• DIRECTIONS:
Copy every line from the records below that carries the word "unfolding".

• Saved data entries:

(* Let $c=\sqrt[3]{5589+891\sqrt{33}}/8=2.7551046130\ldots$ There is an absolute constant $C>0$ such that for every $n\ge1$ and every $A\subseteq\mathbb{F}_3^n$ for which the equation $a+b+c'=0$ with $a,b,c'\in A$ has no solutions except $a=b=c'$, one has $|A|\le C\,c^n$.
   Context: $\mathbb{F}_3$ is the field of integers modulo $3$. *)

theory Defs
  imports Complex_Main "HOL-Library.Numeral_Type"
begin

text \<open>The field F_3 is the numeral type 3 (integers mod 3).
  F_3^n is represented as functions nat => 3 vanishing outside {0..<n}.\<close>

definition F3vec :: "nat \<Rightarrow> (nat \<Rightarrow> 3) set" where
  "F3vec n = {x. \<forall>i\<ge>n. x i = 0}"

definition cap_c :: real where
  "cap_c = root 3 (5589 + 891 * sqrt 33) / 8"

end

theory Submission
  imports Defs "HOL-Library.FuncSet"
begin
* * *
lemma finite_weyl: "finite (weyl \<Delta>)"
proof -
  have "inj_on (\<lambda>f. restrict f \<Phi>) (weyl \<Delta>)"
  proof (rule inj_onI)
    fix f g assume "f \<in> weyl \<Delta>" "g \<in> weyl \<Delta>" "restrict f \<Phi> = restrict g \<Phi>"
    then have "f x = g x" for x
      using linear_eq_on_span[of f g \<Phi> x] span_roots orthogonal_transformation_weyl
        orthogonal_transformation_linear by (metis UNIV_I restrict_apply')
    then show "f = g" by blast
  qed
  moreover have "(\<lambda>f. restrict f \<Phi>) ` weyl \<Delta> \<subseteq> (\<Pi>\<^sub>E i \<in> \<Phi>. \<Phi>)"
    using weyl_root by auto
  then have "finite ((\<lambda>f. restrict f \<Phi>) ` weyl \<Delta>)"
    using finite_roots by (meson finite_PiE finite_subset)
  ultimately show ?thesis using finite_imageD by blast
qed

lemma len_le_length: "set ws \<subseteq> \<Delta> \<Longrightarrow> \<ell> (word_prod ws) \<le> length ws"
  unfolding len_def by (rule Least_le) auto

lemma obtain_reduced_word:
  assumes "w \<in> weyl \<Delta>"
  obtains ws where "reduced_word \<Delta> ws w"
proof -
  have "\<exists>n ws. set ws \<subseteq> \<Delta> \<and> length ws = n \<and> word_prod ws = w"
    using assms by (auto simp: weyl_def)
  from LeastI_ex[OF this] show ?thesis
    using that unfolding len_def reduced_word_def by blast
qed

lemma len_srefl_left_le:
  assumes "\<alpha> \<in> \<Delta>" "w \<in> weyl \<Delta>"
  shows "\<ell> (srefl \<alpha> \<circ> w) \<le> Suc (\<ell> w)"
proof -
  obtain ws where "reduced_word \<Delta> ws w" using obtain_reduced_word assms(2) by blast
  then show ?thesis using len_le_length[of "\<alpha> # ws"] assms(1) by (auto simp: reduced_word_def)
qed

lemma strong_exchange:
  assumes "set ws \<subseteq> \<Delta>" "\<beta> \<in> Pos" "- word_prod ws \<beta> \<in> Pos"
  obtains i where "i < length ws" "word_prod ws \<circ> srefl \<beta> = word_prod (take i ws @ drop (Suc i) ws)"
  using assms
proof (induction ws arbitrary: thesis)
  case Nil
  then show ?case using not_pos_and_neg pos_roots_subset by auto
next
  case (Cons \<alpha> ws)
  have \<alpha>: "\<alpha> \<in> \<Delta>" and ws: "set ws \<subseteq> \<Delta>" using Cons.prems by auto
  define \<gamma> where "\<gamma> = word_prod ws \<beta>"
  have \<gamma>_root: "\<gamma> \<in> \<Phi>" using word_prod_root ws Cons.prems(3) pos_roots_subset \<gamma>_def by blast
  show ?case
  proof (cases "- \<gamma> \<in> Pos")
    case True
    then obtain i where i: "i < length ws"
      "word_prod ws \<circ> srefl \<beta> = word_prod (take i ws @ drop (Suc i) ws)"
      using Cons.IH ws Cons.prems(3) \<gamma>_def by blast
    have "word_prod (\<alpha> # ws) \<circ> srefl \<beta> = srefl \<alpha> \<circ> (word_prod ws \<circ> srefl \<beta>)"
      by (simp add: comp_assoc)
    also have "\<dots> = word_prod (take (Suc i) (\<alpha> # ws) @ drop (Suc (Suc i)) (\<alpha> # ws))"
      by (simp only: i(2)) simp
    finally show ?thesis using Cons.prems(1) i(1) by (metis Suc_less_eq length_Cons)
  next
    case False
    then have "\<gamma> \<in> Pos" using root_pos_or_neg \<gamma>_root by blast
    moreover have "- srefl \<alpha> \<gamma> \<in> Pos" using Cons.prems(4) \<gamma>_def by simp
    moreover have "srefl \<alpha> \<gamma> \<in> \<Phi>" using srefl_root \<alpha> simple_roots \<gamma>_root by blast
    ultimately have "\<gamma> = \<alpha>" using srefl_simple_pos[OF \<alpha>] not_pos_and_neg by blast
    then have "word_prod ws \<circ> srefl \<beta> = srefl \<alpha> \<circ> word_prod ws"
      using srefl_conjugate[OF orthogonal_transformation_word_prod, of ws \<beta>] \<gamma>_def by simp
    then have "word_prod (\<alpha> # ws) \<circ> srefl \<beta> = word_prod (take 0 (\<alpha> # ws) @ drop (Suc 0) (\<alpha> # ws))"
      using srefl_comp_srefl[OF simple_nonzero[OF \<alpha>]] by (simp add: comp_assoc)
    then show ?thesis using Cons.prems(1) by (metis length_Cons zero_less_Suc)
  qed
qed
* * *
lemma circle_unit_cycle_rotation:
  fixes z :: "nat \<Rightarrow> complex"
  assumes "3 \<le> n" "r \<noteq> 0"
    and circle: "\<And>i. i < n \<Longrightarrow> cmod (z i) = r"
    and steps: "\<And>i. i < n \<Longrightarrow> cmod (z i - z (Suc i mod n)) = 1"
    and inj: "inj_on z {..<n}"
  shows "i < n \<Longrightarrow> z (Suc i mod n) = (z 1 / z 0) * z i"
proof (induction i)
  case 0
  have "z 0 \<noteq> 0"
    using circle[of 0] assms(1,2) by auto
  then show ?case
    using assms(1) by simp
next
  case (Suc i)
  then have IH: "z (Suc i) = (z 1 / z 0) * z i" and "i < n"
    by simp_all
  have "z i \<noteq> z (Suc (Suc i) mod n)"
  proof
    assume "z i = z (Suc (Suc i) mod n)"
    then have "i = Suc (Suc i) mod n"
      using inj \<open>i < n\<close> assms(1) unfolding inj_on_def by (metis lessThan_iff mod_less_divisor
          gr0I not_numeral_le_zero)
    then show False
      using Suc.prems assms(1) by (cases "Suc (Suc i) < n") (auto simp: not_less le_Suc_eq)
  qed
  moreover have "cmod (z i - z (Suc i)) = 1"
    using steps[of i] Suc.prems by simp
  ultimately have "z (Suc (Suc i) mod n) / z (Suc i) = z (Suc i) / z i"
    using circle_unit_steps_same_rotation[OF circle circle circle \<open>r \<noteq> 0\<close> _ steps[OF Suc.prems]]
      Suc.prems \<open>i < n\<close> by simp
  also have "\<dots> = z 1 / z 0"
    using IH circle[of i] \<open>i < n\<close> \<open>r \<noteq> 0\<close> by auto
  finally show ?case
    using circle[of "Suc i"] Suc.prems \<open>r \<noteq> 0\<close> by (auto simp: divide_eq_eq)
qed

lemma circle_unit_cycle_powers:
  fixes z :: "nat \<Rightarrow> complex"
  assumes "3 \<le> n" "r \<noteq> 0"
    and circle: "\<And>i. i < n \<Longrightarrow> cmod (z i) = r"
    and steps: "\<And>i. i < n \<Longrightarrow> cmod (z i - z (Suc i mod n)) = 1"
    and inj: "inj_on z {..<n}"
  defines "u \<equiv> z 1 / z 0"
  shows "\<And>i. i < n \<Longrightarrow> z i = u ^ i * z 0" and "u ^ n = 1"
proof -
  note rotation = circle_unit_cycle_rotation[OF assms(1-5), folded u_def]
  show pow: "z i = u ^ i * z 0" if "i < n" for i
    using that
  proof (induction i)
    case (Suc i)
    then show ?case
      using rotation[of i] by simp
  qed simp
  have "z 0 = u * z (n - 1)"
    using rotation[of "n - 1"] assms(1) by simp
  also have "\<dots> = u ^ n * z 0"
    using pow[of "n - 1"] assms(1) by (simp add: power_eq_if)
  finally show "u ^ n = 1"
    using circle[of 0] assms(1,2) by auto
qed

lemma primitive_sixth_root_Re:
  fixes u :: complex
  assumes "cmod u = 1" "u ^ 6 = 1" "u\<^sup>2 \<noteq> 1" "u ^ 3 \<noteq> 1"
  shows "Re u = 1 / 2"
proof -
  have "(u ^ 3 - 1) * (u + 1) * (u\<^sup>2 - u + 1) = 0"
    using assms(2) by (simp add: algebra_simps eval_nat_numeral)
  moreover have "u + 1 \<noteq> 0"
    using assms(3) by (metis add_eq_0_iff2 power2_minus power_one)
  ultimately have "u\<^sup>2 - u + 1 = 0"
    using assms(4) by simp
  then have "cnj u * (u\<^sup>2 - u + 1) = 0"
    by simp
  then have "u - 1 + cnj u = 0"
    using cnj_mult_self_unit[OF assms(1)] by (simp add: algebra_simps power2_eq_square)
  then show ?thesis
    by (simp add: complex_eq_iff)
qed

• OUTPUT FOR THIS TASK:
  unfolding len_def by (rule Least_le) auto
    using that unfolding len_def reduced_word_def by blast
      using inj \<open>i < n\<close> assms(1) unfolding inj_on_def by (metis lessThan_iff mod_less_divisor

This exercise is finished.